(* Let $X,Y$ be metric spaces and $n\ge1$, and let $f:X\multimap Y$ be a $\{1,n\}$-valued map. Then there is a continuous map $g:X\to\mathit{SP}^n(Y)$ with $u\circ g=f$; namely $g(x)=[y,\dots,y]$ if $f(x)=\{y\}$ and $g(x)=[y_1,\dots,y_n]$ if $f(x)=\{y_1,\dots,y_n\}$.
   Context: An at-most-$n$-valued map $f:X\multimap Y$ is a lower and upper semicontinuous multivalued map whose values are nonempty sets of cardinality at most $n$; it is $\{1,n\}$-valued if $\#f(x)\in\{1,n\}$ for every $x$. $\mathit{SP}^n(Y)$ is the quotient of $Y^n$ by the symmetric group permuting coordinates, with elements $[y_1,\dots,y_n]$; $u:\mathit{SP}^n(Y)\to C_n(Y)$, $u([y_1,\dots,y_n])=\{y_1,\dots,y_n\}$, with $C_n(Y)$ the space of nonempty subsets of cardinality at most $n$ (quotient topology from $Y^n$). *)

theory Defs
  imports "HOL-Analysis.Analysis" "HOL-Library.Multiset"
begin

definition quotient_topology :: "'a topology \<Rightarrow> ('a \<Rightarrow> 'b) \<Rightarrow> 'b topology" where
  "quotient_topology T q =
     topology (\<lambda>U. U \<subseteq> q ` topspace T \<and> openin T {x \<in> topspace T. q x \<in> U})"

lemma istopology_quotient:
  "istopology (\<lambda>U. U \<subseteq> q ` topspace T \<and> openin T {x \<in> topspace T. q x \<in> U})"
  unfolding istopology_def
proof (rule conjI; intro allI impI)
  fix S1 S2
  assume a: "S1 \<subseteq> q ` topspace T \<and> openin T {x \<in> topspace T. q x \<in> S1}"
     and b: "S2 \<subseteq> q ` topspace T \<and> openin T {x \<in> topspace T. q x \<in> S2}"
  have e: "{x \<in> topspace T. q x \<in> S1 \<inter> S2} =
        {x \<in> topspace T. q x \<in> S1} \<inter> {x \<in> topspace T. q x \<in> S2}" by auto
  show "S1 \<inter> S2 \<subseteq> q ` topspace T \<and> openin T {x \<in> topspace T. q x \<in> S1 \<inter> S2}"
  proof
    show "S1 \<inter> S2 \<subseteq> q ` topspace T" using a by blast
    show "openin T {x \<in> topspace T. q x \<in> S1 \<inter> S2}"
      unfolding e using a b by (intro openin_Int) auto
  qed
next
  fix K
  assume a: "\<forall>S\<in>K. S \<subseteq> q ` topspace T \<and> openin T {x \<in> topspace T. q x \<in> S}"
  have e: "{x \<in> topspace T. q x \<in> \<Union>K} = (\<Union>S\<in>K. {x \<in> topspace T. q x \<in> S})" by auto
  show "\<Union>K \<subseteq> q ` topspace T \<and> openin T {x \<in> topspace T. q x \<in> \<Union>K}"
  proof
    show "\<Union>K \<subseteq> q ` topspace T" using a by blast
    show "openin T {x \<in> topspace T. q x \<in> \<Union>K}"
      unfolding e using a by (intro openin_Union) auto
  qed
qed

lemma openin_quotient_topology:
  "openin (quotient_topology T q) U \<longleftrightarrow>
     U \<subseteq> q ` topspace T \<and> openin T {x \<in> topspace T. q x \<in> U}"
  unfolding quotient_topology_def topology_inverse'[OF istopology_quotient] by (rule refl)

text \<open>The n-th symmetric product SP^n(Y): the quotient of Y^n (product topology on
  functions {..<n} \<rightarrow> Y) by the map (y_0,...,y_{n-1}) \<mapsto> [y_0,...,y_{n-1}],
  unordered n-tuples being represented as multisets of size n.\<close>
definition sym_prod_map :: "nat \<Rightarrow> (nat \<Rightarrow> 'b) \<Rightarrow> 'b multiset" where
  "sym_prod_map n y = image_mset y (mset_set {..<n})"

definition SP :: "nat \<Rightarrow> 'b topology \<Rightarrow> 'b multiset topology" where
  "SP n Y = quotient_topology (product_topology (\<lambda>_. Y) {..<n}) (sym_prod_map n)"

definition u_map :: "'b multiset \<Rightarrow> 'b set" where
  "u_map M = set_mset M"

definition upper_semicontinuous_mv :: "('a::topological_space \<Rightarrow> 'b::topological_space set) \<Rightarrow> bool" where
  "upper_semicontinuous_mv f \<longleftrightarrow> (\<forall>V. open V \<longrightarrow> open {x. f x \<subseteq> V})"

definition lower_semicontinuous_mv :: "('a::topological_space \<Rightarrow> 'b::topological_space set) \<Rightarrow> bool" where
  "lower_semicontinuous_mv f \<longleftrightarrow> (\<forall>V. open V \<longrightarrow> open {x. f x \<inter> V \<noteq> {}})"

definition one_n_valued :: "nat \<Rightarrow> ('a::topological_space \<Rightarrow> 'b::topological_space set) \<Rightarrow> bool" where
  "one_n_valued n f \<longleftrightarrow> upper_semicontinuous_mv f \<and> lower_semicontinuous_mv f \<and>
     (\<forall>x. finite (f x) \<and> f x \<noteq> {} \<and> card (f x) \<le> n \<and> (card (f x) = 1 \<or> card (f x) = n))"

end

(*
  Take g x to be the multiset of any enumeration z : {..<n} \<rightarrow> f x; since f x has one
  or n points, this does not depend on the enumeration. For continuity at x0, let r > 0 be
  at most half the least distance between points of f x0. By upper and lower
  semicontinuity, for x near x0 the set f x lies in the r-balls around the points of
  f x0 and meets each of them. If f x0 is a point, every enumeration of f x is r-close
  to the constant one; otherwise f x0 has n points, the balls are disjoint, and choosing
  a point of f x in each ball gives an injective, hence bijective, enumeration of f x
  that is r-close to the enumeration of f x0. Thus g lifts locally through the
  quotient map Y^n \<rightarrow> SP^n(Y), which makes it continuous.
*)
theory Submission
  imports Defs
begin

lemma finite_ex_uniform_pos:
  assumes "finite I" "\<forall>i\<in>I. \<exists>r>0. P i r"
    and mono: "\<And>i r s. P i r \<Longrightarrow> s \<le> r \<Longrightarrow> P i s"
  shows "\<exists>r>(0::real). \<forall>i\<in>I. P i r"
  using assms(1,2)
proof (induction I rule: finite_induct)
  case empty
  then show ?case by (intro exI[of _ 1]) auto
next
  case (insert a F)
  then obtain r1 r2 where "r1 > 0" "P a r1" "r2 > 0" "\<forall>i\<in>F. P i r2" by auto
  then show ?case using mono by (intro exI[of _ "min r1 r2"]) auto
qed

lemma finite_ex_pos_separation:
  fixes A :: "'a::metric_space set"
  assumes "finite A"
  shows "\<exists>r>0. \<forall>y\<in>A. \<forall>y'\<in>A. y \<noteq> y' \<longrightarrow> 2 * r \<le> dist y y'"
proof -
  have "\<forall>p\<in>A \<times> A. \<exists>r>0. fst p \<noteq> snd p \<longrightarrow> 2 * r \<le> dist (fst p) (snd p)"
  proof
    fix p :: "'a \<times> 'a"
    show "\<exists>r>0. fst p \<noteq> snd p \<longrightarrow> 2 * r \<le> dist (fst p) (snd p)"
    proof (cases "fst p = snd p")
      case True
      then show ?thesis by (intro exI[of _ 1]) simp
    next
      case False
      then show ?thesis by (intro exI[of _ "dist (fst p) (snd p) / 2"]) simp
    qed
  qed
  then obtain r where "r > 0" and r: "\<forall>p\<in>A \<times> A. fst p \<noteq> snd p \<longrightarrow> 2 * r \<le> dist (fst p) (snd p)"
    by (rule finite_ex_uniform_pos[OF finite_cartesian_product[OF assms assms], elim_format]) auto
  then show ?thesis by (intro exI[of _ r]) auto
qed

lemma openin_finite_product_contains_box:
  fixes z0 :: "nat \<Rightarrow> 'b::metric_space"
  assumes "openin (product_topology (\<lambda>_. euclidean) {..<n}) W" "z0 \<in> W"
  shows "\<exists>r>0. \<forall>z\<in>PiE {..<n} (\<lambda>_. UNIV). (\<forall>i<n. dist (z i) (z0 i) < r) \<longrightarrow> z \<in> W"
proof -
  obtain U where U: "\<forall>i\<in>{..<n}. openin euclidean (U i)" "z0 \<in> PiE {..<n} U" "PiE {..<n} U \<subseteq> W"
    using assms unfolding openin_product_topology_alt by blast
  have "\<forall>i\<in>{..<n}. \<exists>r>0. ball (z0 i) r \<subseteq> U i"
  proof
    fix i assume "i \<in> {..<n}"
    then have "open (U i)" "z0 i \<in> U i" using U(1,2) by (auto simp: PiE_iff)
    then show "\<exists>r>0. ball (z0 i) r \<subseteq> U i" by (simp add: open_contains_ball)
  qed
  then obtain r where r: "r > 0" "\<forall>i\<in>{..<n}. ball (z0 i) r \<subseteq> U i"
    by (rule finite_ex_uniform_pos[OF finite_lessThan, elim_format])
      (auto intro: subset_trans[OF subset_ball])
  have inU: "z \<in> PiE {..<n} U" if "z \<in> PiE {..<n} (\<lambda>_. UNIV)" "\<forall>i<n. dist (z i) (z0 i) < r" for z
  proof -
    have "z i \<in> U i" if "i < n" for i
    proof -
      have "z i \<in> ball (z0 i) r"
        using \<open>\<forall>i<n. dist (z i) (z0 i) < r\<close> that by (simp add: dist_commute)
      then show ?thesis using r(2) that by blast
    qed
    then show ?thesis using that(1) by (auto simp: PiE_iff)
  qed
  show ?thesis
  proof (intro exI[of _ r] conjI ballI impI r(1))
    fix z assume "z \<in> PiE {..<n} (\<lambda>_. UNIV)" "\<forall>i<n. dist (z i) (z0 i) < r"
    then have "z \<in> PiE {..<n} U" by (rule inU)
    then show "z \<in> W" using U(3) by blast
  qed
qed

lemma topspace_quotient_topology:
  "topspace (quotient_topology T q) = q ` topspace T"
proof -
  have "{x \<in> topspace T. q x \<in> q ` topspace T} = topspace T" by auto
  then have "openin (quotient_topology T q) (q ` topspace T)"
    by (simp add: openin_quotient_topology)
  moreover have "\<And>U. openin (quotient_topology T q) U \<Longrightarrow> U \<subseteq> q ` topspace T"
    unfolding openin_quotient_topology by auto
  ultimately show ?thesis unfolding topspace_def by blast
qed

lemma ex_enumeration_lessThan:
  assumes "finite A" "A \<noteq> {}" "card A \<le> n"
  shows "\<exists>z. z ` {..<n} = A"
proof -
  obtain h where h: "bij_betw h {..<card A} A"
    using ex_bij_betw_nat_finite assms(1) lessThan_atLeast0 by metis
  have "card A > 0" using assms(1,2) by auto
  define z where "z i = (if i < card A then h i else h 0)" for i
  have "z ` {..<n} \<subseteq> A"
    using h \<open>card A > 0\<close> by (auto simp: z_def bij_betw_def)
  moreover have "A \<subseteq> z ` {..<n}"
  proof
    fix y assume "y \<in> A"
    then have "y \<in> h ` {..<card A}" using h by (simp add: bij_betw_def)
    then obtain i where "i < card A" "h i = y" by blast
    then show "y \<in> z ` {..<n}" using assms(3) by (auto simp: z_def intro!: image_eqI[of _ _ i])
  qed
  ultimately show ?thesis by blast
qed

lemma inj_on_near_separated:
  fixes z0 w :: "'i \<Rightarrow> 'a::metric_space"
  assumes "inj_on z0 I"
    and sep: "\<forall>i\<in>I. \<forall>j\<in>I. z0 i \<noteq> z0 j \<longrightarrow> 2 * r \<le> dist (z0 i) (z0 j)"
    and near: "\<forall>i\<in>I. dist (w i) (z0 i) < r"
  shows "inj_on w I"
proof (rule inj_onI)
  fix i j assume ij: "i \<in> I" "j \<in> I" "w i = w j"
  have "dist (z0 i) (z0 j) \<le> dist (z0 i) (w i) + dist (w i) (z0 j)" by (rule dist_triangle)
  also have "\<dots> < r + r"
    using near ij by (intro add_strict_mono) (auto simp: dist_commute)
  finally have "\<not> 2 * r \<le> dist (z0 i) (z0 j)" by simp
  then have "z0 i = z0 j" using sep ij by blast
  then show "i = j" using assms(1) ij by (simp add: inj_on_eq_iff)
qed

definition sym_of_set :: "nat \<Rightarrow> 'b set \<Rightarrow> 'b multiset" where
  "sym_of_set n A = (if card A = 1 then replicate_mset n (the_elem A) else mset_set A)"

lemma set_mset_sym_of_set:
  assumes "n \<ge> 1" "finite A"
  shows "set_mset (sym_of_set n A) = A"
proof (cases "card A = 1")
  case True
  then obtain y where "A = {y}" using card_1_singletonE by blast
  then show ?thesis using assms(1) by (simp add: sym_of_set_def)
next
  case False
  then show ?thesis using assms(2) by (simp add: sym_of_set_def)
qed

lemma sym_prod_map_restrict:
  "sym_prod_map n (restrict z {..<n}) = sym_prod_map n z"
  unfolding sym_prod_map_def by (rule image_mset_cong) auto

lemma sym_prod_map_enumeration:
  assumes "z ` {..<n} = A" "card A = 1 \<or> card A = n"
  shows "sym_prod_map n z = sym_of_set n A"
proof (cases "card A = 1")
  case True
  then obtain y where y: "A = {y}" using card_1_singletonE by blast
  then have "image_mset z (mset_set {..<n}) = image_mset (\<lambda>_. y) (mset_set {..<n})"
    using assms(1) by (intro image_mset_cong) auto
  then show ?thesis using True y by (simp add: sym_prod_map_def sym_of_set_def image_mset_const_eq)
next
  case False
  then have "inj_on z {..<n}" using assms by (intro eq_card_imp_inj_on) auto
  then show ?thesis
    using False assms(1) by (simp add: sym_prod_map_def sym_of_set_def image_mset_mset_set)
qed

--- Task instructions ---
Retype, exactly and in full, the lines above from the one containing "or n points, this" through the one containing "to the constant".

--- Task result ---
  or n points, this does not depend on the enumeration. For continuity at x0, let r > 0 be
  at most half the least distance between points of f x0. By upper and lower
  semicontinuity, for x near x0 the set f x lies in the r-balls around the points of
  f x0 and meets each of them. If f x0 is a point, every enumeration of f x is r-close
  to the constant one; otherwise f x0 has n points, the balls are disjoint, and choosing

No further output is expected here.